Fun fact - I wrote some customised firmware for the Tigon2 AceNIC ancestor I n this tale - (video stream offload). The original MIPS firmware solved the lack of mul/div ... by carefully writing code that never emitted those instructions. That caused a few head scratching moments!
Also, an interesting feature of this architecture was that it had no interrupt mechanism. There was a hardware ‘event’ bit register, and a special instruction to convert that it a ‘most important event’ offset into dispatch table. This made all race/concurrency issues go away - and the code was easy to reason about.
I was working on 3D rendering and games around this time - pretty much all the PC cards were burdened with terrible CPU->GPU interfaces. The handshaking, setup calculations and register wrangling was such that below a certain triangle size, it would have been quicker for the CPU to just draw the pixels itself. Some cards (Um, Oak?) required per-scanline setup.

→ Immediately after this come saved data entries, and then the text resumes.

lemma row_axis_eigenvector_exists:
  fixes L :: "real^'n \<Rightarrow> real^'n"
  assumes "linear L" and row: "\<And>x. L x $ l = c * x $ l"
  shows "\<exists>x. x \<noteq> 0 \<and> L x = c *\<^sub>R x"
proof -
  define M where "M x = L x - c *\<^sub>R x" for x
  have "linear M"
    unfolding M_def
    by (rule linearI) (simp_all add: linear_add[OF assms(1)] linear_scale[OF assms(1)] algebra_simps)
  have "M x $ l \<noteq> axis l 1 $ l" for x
    using row by (simp add: M_def)
  then have "axis l 1 \<notin> range M"
    by (metis axis_nth rangeE)
  then have "\<not> inj M"
    using linear_inj_imp_surj[OF \<open>linear M\<close>] by auto
  then obtain p q where "p \<noteq> q" "M p = M q" by (auto simp: inj_def)
  then show ?thesis
    by (intro exI[of _ "p - q"]) (simp add: M_def linear_diff[OF assms(1)] algebra_simps)
qed

text \<open>If \<open>axis l 1\<close> is an eigenvector of \<open>J\<close>, an eigenpair of \<open>J\<close> up to the \<open>l\<close>-th coordinate
  is corrected to a true eigenpair by adding multiples of \<open>axis l 1\<close>; the complex multiple
  solves \<open>t * (lam - jj) = \<rho>\<close>, where \<open>\<rho>\<close> is the defect in the \<open>l\<close>-th coordinate.\<close>
lemma eigenpair_off_axis_correction:
  fixes J :: "real^'n \<Rightarrow> real^'n"
  assumes "linear J" and Jl: "J (axis l 1) = jj *\<^sub>R axis l 1" and ne: "lam \<noteq> of_real jj"
    and off_u: "\<And>i. i \<noteq> l \<Longrightarrow> J u $ i = Re lam * u $ i - Im lam * v $ i"
    and off_v: "\<And>i. i \<noteq> l \<Longrightarrow> J v $ i = Im lam * u $ i + Re lam * v $ i"
  shows "\<exists>\<alpha> \<beta>. eigenpair J lam (u + \<alpha> *\<^sub>R axis l 1) (v + \<beta> *\<^sub>R axis l 1)"
proof -
  define t where "t = Complex (J u $ l - (Re lam * u $ l - Im lam * v $ l))
                              (J v $ l - (Im lam * u $ l + Re lam * v $ l)) / (lam - of_real jj)"
  have t: "t * (lam - of_real jj) = Complex (J u $ l - (Re lam * u $ l - Im lam * v $ l))
                              (J v $ l - (Im lam * u $ l + Re lam * v $ l))"
    using ne by (simp add: t_def)
  have tr: "J u $ l = Re lam * (u $ l + Re t) - Im lam * (v $ l + Im t) - jj * Re t"
    using arg_cong[OF t, of Re] by (simp add: algebra_simps)
  have ti: "J v $ l = Im lam * (u $ l + Re t) + Re lam * (v $ l + Im t) - jj * Im t"
    using arg_cong[OF t, of Im] by (simp add: algebra_simps)
  have J_shift: "J (w + r *\<^sub>R axis l 1) = J w + (r * jj) *\<^sub>R axis l 1" for w r
    by (simp add: linear_add[OF assms(1)] linear_scale[OF assms(1)] Jl)
  have "eigenpair J lam (u + Re t *\<^sub>R axis l 1) (v + Im t *\<^sub>R axis l 1)"
    unfolding eigenpair_def J_shift vec_eq_iff
    using tr ti off_u off_v by (auto simp: axis_def algebra_simps)
  then show ?thesis by blast
qed
lemma loop_arrow_bracket_eq_BR:
  fixes A B d :: "'a::field"
  assumes "valid_kd K" "S \<subseteq> {..<ncr K}" "A \<noteq> 0" "B \<noteq> 0" "d \<noteq> 0"
  shows "loop_arrow_bracket K A B d Lam =
           A ^ card S * B ^ (ncr K - card S) / d
           * loop_arrow_BR K S 1 (\<lambda>e. if e \<in> S then B / A else A / B) d Lam"
proof -
  have "loop_arrow_bracket K A B d Lam =
      (\<Sum>F \<in> Pow {..<ncr K}. A ^ card (sym_diff S F) * B ^ (ncr K - card (sym_diff S F))
         * d ^ mc K (sarcs K (sym_diff S F))
         * Lam (arcword K (sarcs K (sym_diff S F)) (disor K (sarcs K (sym_diff S F))))
               (ellc K (sarcs K (sym_diff S F))))"
    unfolding loop_arrow_bracket_def by (rule sum_Pow_sym_diff[OF assms(2)])
  also have "\<dots> = A ^ card S * B ^ (ncr K - card S) / d
           * loop_arrow_BR K S 1 (\<lambda>e. if e \<in> S then B / A else A / B) d Lam"
    unfolding loop_arrow_BR_def sum_distrib_left
    using loop_arrow_BR_summand_eq_state[OF assms(1,2) _ assms(3-5)] by (intro sum.cong) auto
  finally show ?thesis .
qed

theorem mainTheorem13:
  fixes K :: kd and S :: "nat set" and A B d :: "'a::field" and Lam :: "bool list \<Rightarrow> nat \<Rightarrow> 'a"
  assumes "valid_kd K"
    and "S \<subseteq> {..<ncr K}"
    and "A \<noteq> 0" and "B \<noteq> 0" and "d \<noteq> 0"
    and "Lam [] 0 = 1"
  shows "loop_arrow_bracket K A B d Lam =
           A ^ card S * B ^ (ncr K - card S) / d
           * loop_arrow_BR K S 1 (\<lambda>e. if e \<in> S then B / A else A / B) d Lam
         \<and> (- (A ^ 2) - inverse (A ^ 2) \<noteq> 0 \<longrightarrow>
         loop_arrow_bracket_A K A Lam =
           A powi (int (card S) - int (ncr K - card S)) / (- (A ^ 2) - inverse (A ^ 2))
           * loop_arrow_BR K S 1 (\<lambda>e. if e \<in> S then inverse A / A else A / inverse A)
               (- (A ^ 2) - inverse (A ^ 2)) Lam)"
proof (intro conjI impI)
  show "loop_arrow_bracket K A B d Lam =
          A ^ card S * B ^ (ncr K - card S) / d
          * loop_arrow_BR K S 1 (\<lambda>e. if e \<in> S then B / A else A / B) d Lam"
    using loop_arrow_bracket_eq_BR assms(1-5) .
next
  assume d: "- (A ^ 2) - inverse (A ^ 2) \<noteq> 0"
  have powi: "A powi (int (card S) - int (ncr K - card S)) = A ^ card S * inverse A ^ (ncr K - card S)"
    using assms(3) by (simp add: power_int_diff power_int_of_nat divide_inverse power_inverse)
  show "loop_arrow_bracket_A K A Lam =
          A powi (int (card S) - int (ncr K - card S)) / (- (A ^ 2) - inverse (A ^ 2))
          * loop_arrow_BR K S 1 (\<lambda>e. if e \<in> S then inverse A / A else A / inverse A)
              (- (A ^ 2) - inverse (A ^ 2)) Lam"
    unfolding loop_arrow_bracket_A_def powi
    by (rule loop_arrow_bracket_eq_BR) (use assms(1-3) d in auto)
qed

end
(* Let $w\in\mathcal S_n$ and $a,b\in\mathrm R(w)$. Then $d([a],[b])=1$ if and only if $t(a,b)=1$, i.e. if and only if there is exactly one triple $(x,y,z)\in\mathrm T_w$ with $\Gamma(a,(x,y,z))\neq\Gamma(b,(x,y,z))$.
   Context: Permutations are in one-line notation. A word $a=a_1\cdots a_\ell$ with letters in $\{1,\dots,n-1\}$ acts on a word of length $n$ by successively swapping the entries in positions $a_j$ and $a_j+1$. $\mathrm R(w)$ is the set of reduced words of $w$ (words of length $\ell(w)$, the number of inversions of $w$, whose action on $12\cdots n$ yields $w$). For $a\in\mathrm R(w)$ and an inversion $(p,q)$ of $w$ ($p>q$, $p$ left of $q$ in $w$), $P_a(p,q)$ is the index of the unique step of $a$ at which $p$ and $q$ are swapped. Commutation: replacing a factor $ij$, $|i-j|\ge2$, by $ji$; long braid relation: replacing a factor $i(i+1)i$ by $(i+1)i(i+1)$ or vice versa. $[a]$ is the commutation class of $a$ (reduced words reachable by commutations). $C(w)$ is the graph whose vertices are commutation classes, with $[a]\ne[b]$ adjacent when some $a'\in[a]$, $b'\in[b]$ differ by one long braid relation; $d$ is its graph distance. $\mathrm T_w$ is the set of triples $(x,y,z)$, $x<y<z$, with $z,y,x$ appearing in this order in $w$. $\Gamma(a,(x,y,z))=1$ if $P_a(y,x)>P_a(z,y)$ and $0$ otherwise. $t(a,b)=\sum_{(x,y,z)\in\mathrm T_w}\big(\Gamma(a,(x,y,z))+\Gamma(b,(x,y,z))\bmod 2\big)$. *)

theory Defs
  imports Main "HOL-Library.Extended_Nat"
begin

(* Permutations of {1..n} in one-line notation, as lists *)
definition is_perm :: "nat \<Rightarrow> nat list \<Rightarrow> bool" where
  "is_perm n w \<longleftrightarrow> distinct w \<and> set w = {1..n}"

definition id_perm :: "nat \<Rightarrow> nat list" where
  "id_perm n = [1..<n+1]"

(* swap the entries in (1-based) positions i and i+1 *)
definition swap_pos :: "nat \<Rightarrow> nat list \<Rightarrow> nat list" where
  "swap_pos i xs = xs[i - 1 := xs ! i, i := xs ! (i - 1)]"

(* action of a word: successive swaps, letters applied from left to right *)
definition act :: "nat list \<Rightarrow> nat list \<Rightarrow> nat list" where
  "act a xs = fold swap_pos a xs"

definition inv_count :: "nat list \<Rightarrow> nat" where
  "inv_count w = card {(i, j). i < j \<and> j < length w \<and> w ! i > w ! j}"

definition reduced_words :: "nat \<Rightarrow> nat list \<Rightarrow> nat list set" where
  "reduced_words n w = {a. set a \<subseteq> {1..n - 1} \<and> length a = inv_count w
      \<and> act a (id_perm n) = w}"

definition state :: "nat \<Rightarrow> nat list \<Rightarrow> nat \<Rightarrow> nat list" where
  "state n a k = act (take k a) (id_perm n)"

(* P_a(p,q): the (1-based) index of the unique step of a at which p and q are swapped *)
definition P_idx :: "nat \<Rightarrow> nat list \<Rightarrow> nat \<Rightarrow> nat \<Rightarrow> nat" where
  "P_idx n a p q = (THE j. 1 \<le> j \<and> j \<le> length a \<and>
      {state n a (j - 1) ! (a ! (j - 1) - 1), state n a (j - 1) ! (a ! (j - 1))} = {p, q})"

definition comm_step :: "nat list \<Rightarrow> nat list \<Rightarrow> bool" where
  "comm_step a b \<longleftrightarrow> (\<exists>u v i j. (i \<ge> j + 2 \<or> j \<ge> i + 2) \<and>
      a = u @ [i, j] @ v \<and> b = u @ [j, i] @ v)"

definition braid_step :: "nat list \<Rightarrow> nat list \<Rightarrow> bool" where
  "braid_step a b \<longleftrightarrow> (\<exists>u v i.
      (a = u @ [i, i+1, i] @ v \<and> b = u @ [i+1, i, i+1] @ v) \<or>
      (a = u @ [i+1, i, i+1] @ v \<and> b = u @ [i, i+1, i] @ v))"

definition comm_class :: "nat list \<Rightarrow> nat list set" where
  "comm_class a = {b. comm_step\<^sup>*\<^sup>* a b}"

definition C_vertices :: "nat \<Rightarrow> nat list \<Rightarrow> nat list set set" where
  "C_vertices n w = comm_class ` reduced_words n w"

definition C_adj :: "nat \<Rightarrow> nat list \<Rightarrow> nat list set \<Rightarrow> nat list set \<Rightarrow> bool" where
  "C_adj n w A B \<longleftrightarrow> A \<in> C_vertices n w \<and> B \<in> C_vertices n w \<and> A \<noteq> B \<and>
      (\<exists>a' \<in> A. \<exists>b' \<in> B. braid_step a' b')"

definition C_walk :: "nat \<Rightarrow> nat list \<Rightarrow> nat list set \<Rightarrow> nat list set \<Rightarrow> nat \<Rightarrow> bool" where
  "C_walk n w A B k \<longleftrightarrow> (\<exists>ps. length ps = k + 1 \<and> ps ! 0 = A \<and> ps ! k = B \<and>
      set ps \<subseteq> C_vertices n w \<and> (\<forall>i < k. C_adj n w (ps ! i) (ps ! (i + 1))))"

(* graph distance d in C(w) (infinity if not connected) *)
definition C_dist :: "nat \<Rightarrow> nat list \<Rightarrow> nat list set \<Rightarrow> nat list set \<Rightarrow> enat" where
  "C_dist n w A B = (INF k \<in> {k. C_walk n w A B k}. enat k)"

definition pos :: "nat list \<Rightarrow> nat \<Rightarrow> nat" where
  "pos w v = (THE i. i < length w \<and> w ! i = v)"

definition T_set :: "nat list \<Rightarrow> (nat \<times> nat \<times> nat) set" where
  "T_set w = {(x, y, z). x < y \<and> y < z \<and> x \<in> set w \<and> y \<in> set w \<and> z \<in> set w \<and>
      pos w z < pos w y \<and> pos w y < pos w x}"

definition Gamma :: "nat \<Rightarrow> nat list \<Rightarrow> nat \<times> nat \<times> nat \<Rightarrow> nat" where
  "Gamma n a xyz = (case xyz of (x, y, z) \<Rightarrow>
      (if P_idx n a y x > P_idx n a z y then 1 else 0))"

definition t_count :: "nat \<Rightarrow> nat list \<Rightarrow> nat list \<Rightarrow> nat list \<Rightarrow> nat" where
  "t_count n w a b = (\<Sum>xyz \<in> T_set w. (Gamma n a xyz + Gamma n b xyz) mod 2)"

end

theory Submission
  imports Defs
begin

text \<open>A reduced word \<open>a\<close> of \<open>w\<close> is recorded by the list of inversions of \<open>w\<close> in the order in
  which \<open>a\<close> creates them. A commutation move exchanges two adjacent entries of this list that
  share no value, and a long braid move reverses three consecutive entries
  \<open>(y, x), (z, x), (z, y)\<close> coming from a triple \<open>x < y < z\<close> of \<open>T_w\<close>. Hence a commutation class is
  determined by the relative order of all pairs of inversions sharing a value, and for the
  three inversions of a triple in \<open>T_w\<close> this order is determined by the single bit \<open>\<Gamma>\<close>
  (when \<open>(z, x)\<close> is created, exactly one of \<open>(y, x)\<close>, \<open>(z, y)\<close> already exists).

  If \<open>[a]\<close> and \<open>[b]\<close> are adjacent, the braid move changes \<open>\<Gamma>\<close> exactly at its own triple.
  Conversely, if \<open>\<Gamma>\<close> differs at a single triple, the orders of \<open>a\<close> and \<open>b\<close> agree on all
  dependent pairs except inside that triple, where they are reversed. Then no chain of
  dependent inversions can leave the triple and come back, so commutations bring its three
  inversions together in \<open>a\<close>; reversing them by one braid move yields a word commuting to \<open>b\<close>.\<close>

lemma length_swap_pos[simp]: "length (swap_pos c t) = length t"
  by (simp add: swap_pos_def)

lemma nth_swap_pos:
  assumes "1 \<le> c" "c < length t" "j < length t"
  shows "swap_pos c t ! j = (if j = c - 1 then t ! c else if j = c then t ! (c - 1) else t ! j)"
  using assms by (auto simp: swap_pos_def nth_list_update)

lemma set_distinct_swap_pos:
  assumes "1 \<le> c" "c < length t"
  shows "set (swap_pos c t) = set t" "distinct (swap_pos c t) = distinct t"
proof -
  have e: "swap_pos c t = t[c - 1 := t ! c, c := t ! (c - 1)]" by (simp add: swap_pos_def)
  show "set (swap_pos c t) = set t" unfolding e using assms by (simp add: set_swap)
  show "distinct (swap_pos c t) = distinct t" unfolding e using assms by (simp add: distinct_swap)
qed

lemma swap_pos_commute:
  assumes "1 \<le> c1" "c1 < length t" "1 \<le> c2" "c2 < length t" "c1 \<ge> c2 + 2 \<or> c2 \<ge> c1 + 2"
  shows "swap_pos c1 (swap_pos c2 t) = swap_pos c2 (swap_pos c1 t)"
  by (rule nth_equalityI) (use assms in \<open>auto simp: nth_swap_pos\<close>)

lemma pos_nth:
  assumes "distinct t" "i < length t"
  shows "pos t (t ! i) = i"
  unfolding pos_def
  by (rule the_equality) (use assms nth_eq_iff_index_eq in auto)

lemma pos_in:
  assumes "distinct t" "v \<in> set t"
  shows "pos t v < length t" "t ! pos t v = v"
proof -
  obtain i where "i < length t" "t ! i = v" using assms by (auto simp: in_set_conv_nth)
  thus "pos t v < length t" "t ! pos t v = v" using pos_nth[OF assms(1)] by auto
qed

lemma pos_swap_pos:
  assumes "distinct t" "1 \<le> c" "c < length t" "r \<in> set t"
  shows "pos (swap_pos c t) r = (if r = t ! (c - 1) then c else if r = t ! c then c - 1 else pos t r)"
proof -
  have d: "distinct (swap_pos c t)" using set_distinct_swap_pos assms by simp
  obtain i where i: "i < length t" "t ! i = r" using assms by (auto simp: in_set_conv_nth)
  have ne: "t ! (c - 1) \<noteq> t ! c" using assms nth_eq_iff_index_eq by fastforce
  show ?thesis
  proof (cases "r = t ! (c - 1)")
    case True
    hence "swap_pos c t ! c = r" using assms by (simp add: nth_swap_pos)
    thus ?thesis using pos_nth[OF d, of c] assms True by simp
  next
    case F1: False
    show ?thesis
    proof (cases "r = t ! c")
      case True
      hence "swap_pos c t ! (c - 1) = r" using assms by (simp add: nth_swap_pos)
      thus ?thesis using pos_nth[OF d, of "c - 1"] assms True F1 by simp
    next
      case False
      hence "i \<noteq> c" "i \<noteq> c - 1" using i F1 by auto
      hence "swap_pos c t ! i = r" using assms i by (simp add: nth_swap_pos)
      moreover have "pos t r = i" using pos_nth[OF assms(1) i(1)] i by simp
      ultimately show ?thesis using pos_nth[OF d, of i] i F1 False by simp
    qed
  qed
qed

lemma pos_outside_swap:
  assumes "distinct t" "1 \<le> c" "c < length t" "r \<in> set t" "r \<noteq> t ! (c - 1)" "r \<noteq> t ! c"
  shows "pos t r < c - 1 \<or> c < pos t r"
proof -
  have "t ! pos t r = r" using pos_in[OF assms(1,4)] by blast
  hence "pos t r \<noteq> c - 1" "pos t r \<noteq> c" using assms by auto
  thus ?thesis by linarith
qed

fun precedes :: "'a list \<Rightarrow> 'a \<Rightarrow> 'a \<Rightarrow> bool" where
  "precedes [] e f = False"
| "precedes (x # xs) e f = ((x = e \<and> f \<in> set xs) \<or> precedes xs e f)"

lemma precedes_set: "precedes xs e f \<Longrightarrow> e \<in> set xs \<and> f \<in> set xs"
  by (induction xs) auto

lemma precedes_append: "precedes (xs @ ys) e f \<longleftrightarrow> precedes xs e f \<or> precedes ys e f \<or> (e \<in> set xs \<and> f \<in> set ys)"
  by (induction xs) (auto dest: precedes_set)

lemma precedes_irrefl: "distinct xs \<Longrightarrow> \<not> precedes xs e e"
  by (induction xs) (auto dest: precedes_set)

I got one of these cards - confirmed it was indeed hella fast (even for large meshes of small triangles), and then dropped into SoftICE a few times, winding up at this code:
My thoughts were - "Wow, somebody gets it!" - Very tight triangle setup, and a simple PCI register layout that means that the setup code just writes the gradients out to a block - the last write pushes the triangle into the huge on-card FIFO.
That performance, along with the simplicity of glide, made it a a no-brainer to drop all other card support and focus on that exclusively.